Data in this exercise
lemma measurable_prod_char:
  fixes c :: "'m \<Rightarrow> 'a \<Rightarrow> complex"
  shows "prod_char c \<in> borel_measurable (full_shift_space :: ('m \<Rightarrow> 'a) measure)"
  unfolding prod_char_def full_shift_space_def
proof (intro borel_measurable_prod)
  fix m
  have "(\<lambda>x::'m \<Rightarrow> 'a. x m) \<in> Pi\<^sub>M UNIV (\<lambda>_. count_space UNIV) \<rightarrow>\<^sub>M count_space UNIV"
    by (rule measurable_component_singleton) simp
  then show "(\<lambda>x. c m (x m)) \<in> borel_measurable (Pi\<^sub>M UNIV (\<lambda>_. count_space UNIV))"
    by (rule measurable_compose) simp
qed

definition splice_on :: "'m set \<Rightarrow> ('m \<Rightarrow> 'a) \<Rightarrow> ('m \<Rightarrow> 'a) \<Rightarrow> 'm \<Rightarrow> 'a" where
  "splice_on N x y m = (if m \<in> N then x m else y m)"

lemma measurable_splice_on:
  assumes "sets M1 = sets full_shift_space" and "sets M2 = sets full_shift_space"
  shows "case_prod (splice_on N) \<in> M1 \<Otimes>\<^sub>M M2 \<rightarrow>\<^sub>M full_shift_space"
proof -
  have "case_prod (splice_on N) \<in> full_shift_space \<Otimes>\<^sub>M full_shift_space \<rightarrow>\<^sub>M full_shift_space"
    unfolding full_shift_space_def splice_on_def case_prod_beta
  proof (rule measurable_PiM_single')
    fix m
    show "(\<lambda>p. if m \<in> N then fst p m else snd p m)
        \<in> Pi\<^sub>M UNIV (\<lambda>_. count_space UNIV) \<Otimes>\<^sub>M Pi\<^sub>M UNIV (\<lambda>_. count_space UNIV)
          \<rightarrow>\<^sub>M count_space UNIV"
      by (cases "m \<in> N")
        (auto intro!: measurable_compose[OF measurable_fst measurable_component_singleton]
          measurable_compose[OF measurable_snd measurable_component_singleton])
  qed (auto simp: space_PiM)
  moreover have "sets (M1 \<Otimes>\<^sub>M M2) = sets (full_shift_space \<Otimes>\<^sub>M full_shift_space)"
    using assms by (rule sets_pair_measure_cong)
  ultimately show ?thesis
    using measurable_cong_sets[of "M1 \<Otimes>\<^sub>M M2" "full_shift_space \<Otimes>\<^sub>M full_shift_space"] by blast
qed

definition randomize_outside :: "'m set \<Rightarrow> ('m \<Rightarrow> 'a) measure \<Rightarrow> ('m \<Rightarrow> 'a) measure" where
  "randomize_outside N \<mu> = distr (\<mu> \<Otimes>\<^sub>M uniform_shift) full_shift_space (case_prod (splice_on N))"

lemma pair_prob_space_uniform_shift:
  "prob_space \<mu> \<Longrightarrow> pair_prob_space \<mu> (uniform_shift :: ('m \<Rightarrow> 'a::finite) measure)"
  by (simp add: pair_prob_space_def pair_sigma_finite_def prob_space_imp_sigma_finite
      prob_space_uniform_shift)

lemma prob_on_shift_randomize_outside:
  fixes \<mu> :: "('m \<Rightarrow> 'a::finite) measure"
  assumes "prob_on_shift \<mu>"
  shows "prob_on_shift (randomize_outside N \<mu>)"
proof -
  interpret pair_prob_space \<mu> "uniform_shift :: ('m \<Rightarrow> 'a) measure"
    using assms pair_prob_space_uniform_shift unfolding prob_on_shift_def by blast
  show ?thesis
    using assms sets_uniform_shift
    by (auto simp: prob_on_shift_def randomize_outside_def
        intro!: prob_space_distr measurable_splice_on)
qed

lemma integral_randomize_outside_pair:
  fixes \<mu> :: "('m \<Rightarrow> 'a) measure"
    and h :: "('m \<Rightarrow> 'a) \<Rightarrow> 'b::{banach, second_countable_topology}"
  assumes "prob_on_shift \<mu>" and "h \<in> borel_measurable full_shift_space"
  shows "integral\<^sup>L (randomize_outside N \<mu>) h
    = (\<integral>p. h (case_prod (splice_on N) p) \<partial>(\<mu> \<Otimes>\<^sub>M uniform_shift))"
  unfolding randomize_outside_def using assms sets_uniform_shift
  by (intro integral_distr measurable_splice_on) (auto simp: prob_on_shift_def)

lemma integral_randomize_outside:
  fixes \<mu> :: "('m \<Rightarrow> 'a::finite) measure"
    and h :: "('m \<Rightarrow> 'a) \<Rightarrow> 'b::{banach, second_countable_topology}"
  assumes \<mu>: "prob_on_shift \<mu>" and h: "h \<in> borel_measurable full_shift_space"
    and B: "\<And>x. norm (h x) \<le> B"
  shows "integral\<^sup>L (randomize_outside N \<mu>) h = (\<integral>x. (\<integral>y. h (splice_on N x y) \<partial>uniform_shift) \<partial>\<mu>)"
proof -
  interpret pair_prob_space \<mu> "uniform_shift :: ('m \<Rightarrow> 'a) measure"
    using \<mu> pair_prob_space_uniform_shift unfolding prob_on_shift_def by blast
  have "case_prod (splice_on N) \<in> \<mu> \<Otimes>\<^sub>M uniform_shift \<rightarrow>\<^sub>M full_shift_space"
    using \<mu> sets_uniform_shift unfolding prob_on_shift_def by (intro measurable_splice_on) auto
  then have "integrable (\<mu> \<Otimes>\<^sub>M uniform_shift) (\<lambda>p. h (case_prod (splice_on N) p))"
    using B h by (intro integrable_const_bound[where B=B]) auto
  from integral_fst'[OF this] show ?thesis
    using integral_randomize_outside_pair[OF \<mu> h] by simp
qed

lemma integral_prod_char_randomize_outside:
  fixes \<mu> :: "('m \<Rightarrow> 'a::{finite, ab_group_add}) measure"
  assumes \<mu>: "prob_on_shift \<mu>" and c: "char_family c" and "\<not> char_support c \<subseteq> N"
  shows "integral\<^sup>L (randomize_outside N \<mu>) (prod_char c) = 0"
proof -
  define S where "S = char_support c"
  have "finite S" and chars: "\<And>m. group_character (c m)"
    using c by (auto simp: char_family_def S_def char_support_def)
  obtain m0 where m0: "m0 \<in> S - N" and "c m0 \<noteq> (\<lambda>_. 1)"
    using \<open>\<not> char_support c \<subseteq> N\<close> by (auto simp: S_def char_support_def)
  have factor: "prod_char c (splice_on N x y) = (\<Prod>m\<in>S \<inter> N. c m (x m)) * (\<Prod>m\<in>S - N. c m (y m))"
    for x y
  proof -
    have "prod_char c (splice_on N x y)
        = (\<Prod>m\<in>S \<inter> N. c m (splice_on N x y m)) * (\<Prod>m\<in>S - N. c m (splice_on N x y m))"
      unfolding prod_char_def S_def[symmetric] using \<open>finite S\<close> by (rule prod.Int_Diff)
    then show ?thesis
      by (simp add: splice_on_def)
  qed
  have norm_le: "norm (prod_char c x) \<le> 1" for x
    using chars by (simp add: prod_char_def prod_norm[symmetric] group_character_def)
  have "integral\<^sup>L (randomize_outside N \<mu>) (prod_char c)
      = (\<integral>x. (\<Prod>m\<in>S \<inter> N. c m (x m)) * (\<integral>y. (\<Prod>m\<in>S - N. c m (y m)) \<partial>uniform_shift) \<partial>\<mu>)"
    unfolding integral_randomize_outside[OF \<mu> measurable_prod_char norm_le] factor by simp
  also have "(\<integral>y. (\<Prod>m\<in>S - N. c m (y m)) \<partial>uniform_shift) = 0"
    using \<open>finite S\<close> m0 chars \<open>c m0 \<noteq> (\<lambda>_. 1)\<close> by (intro integral_uniform_shift_prod_character) auto
  finally show ?thesis
    by simp
qed

lemma harmonically_mixing_randomize_outside:
  fixes \<mu> :: "('m \<Rightarrow> 'a::{finite, ab_group_add}) measure"
  assumes "prob_on_shift \<mu>" and "finite N"
  shows "harmonically_mixing (randomize_outside N \<mu>)"
  unfolding harmonically_mixing_def
proof (intro allI impI exI[of _ "card N"])
  fix \<epsilon> :: real and c :: "'m \<Rightarrow> 'a \<Rightarrow> complex"
  assume "\<epsilon> > 0" and c: "char_family c \<and> card N < char_rank c"
  have "\<not> char_support c \<subseteq> N"
  proof
    assume "char_support c \<subseteq> N"
    then have "char_rank c \<le> card N"
      unfolding char_rank_def by (rule card_mono[OF \<open>finite N\<close>])
    with c show False
      by simp
  qed
  then show "norm (integral\<^sup>L (randomize_outside N \<mu>) (prod_char c)) < \<epsilon>"
    using integral_prod_char_randomize_outside[OF \<open>prob_on_shift \<mu>\<close>] c \<open>\<epsilon> > 0\<close> by simp
qed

What needs to be done
Go through the material and copy each line that contains "UNIV".

Worked solution
  have "(\<lambda>x::'m \<Rightarrow> 'a. x m) \<in> Pi\<^sub>M UNIV (\<lambda>_. count_space UNIV) \<rightarrow>\<^sub>M count_space UNIV"
  then show "(\<lambda>x. c m (x m)) \<in> borel_measurable (Pi\<^sub>M UNIV (\<lambda>_. count_space UNIV))"
        \<in> Pi\<^sub>M UNIV (\<lambda>_. count_space UNIV) \<Otimes>\<^sub>M Pi\<^sub>M UNIV (\<lambda>_. count_space UNIV)
          \<rightarrow>\<^sub>M count_space UNIV"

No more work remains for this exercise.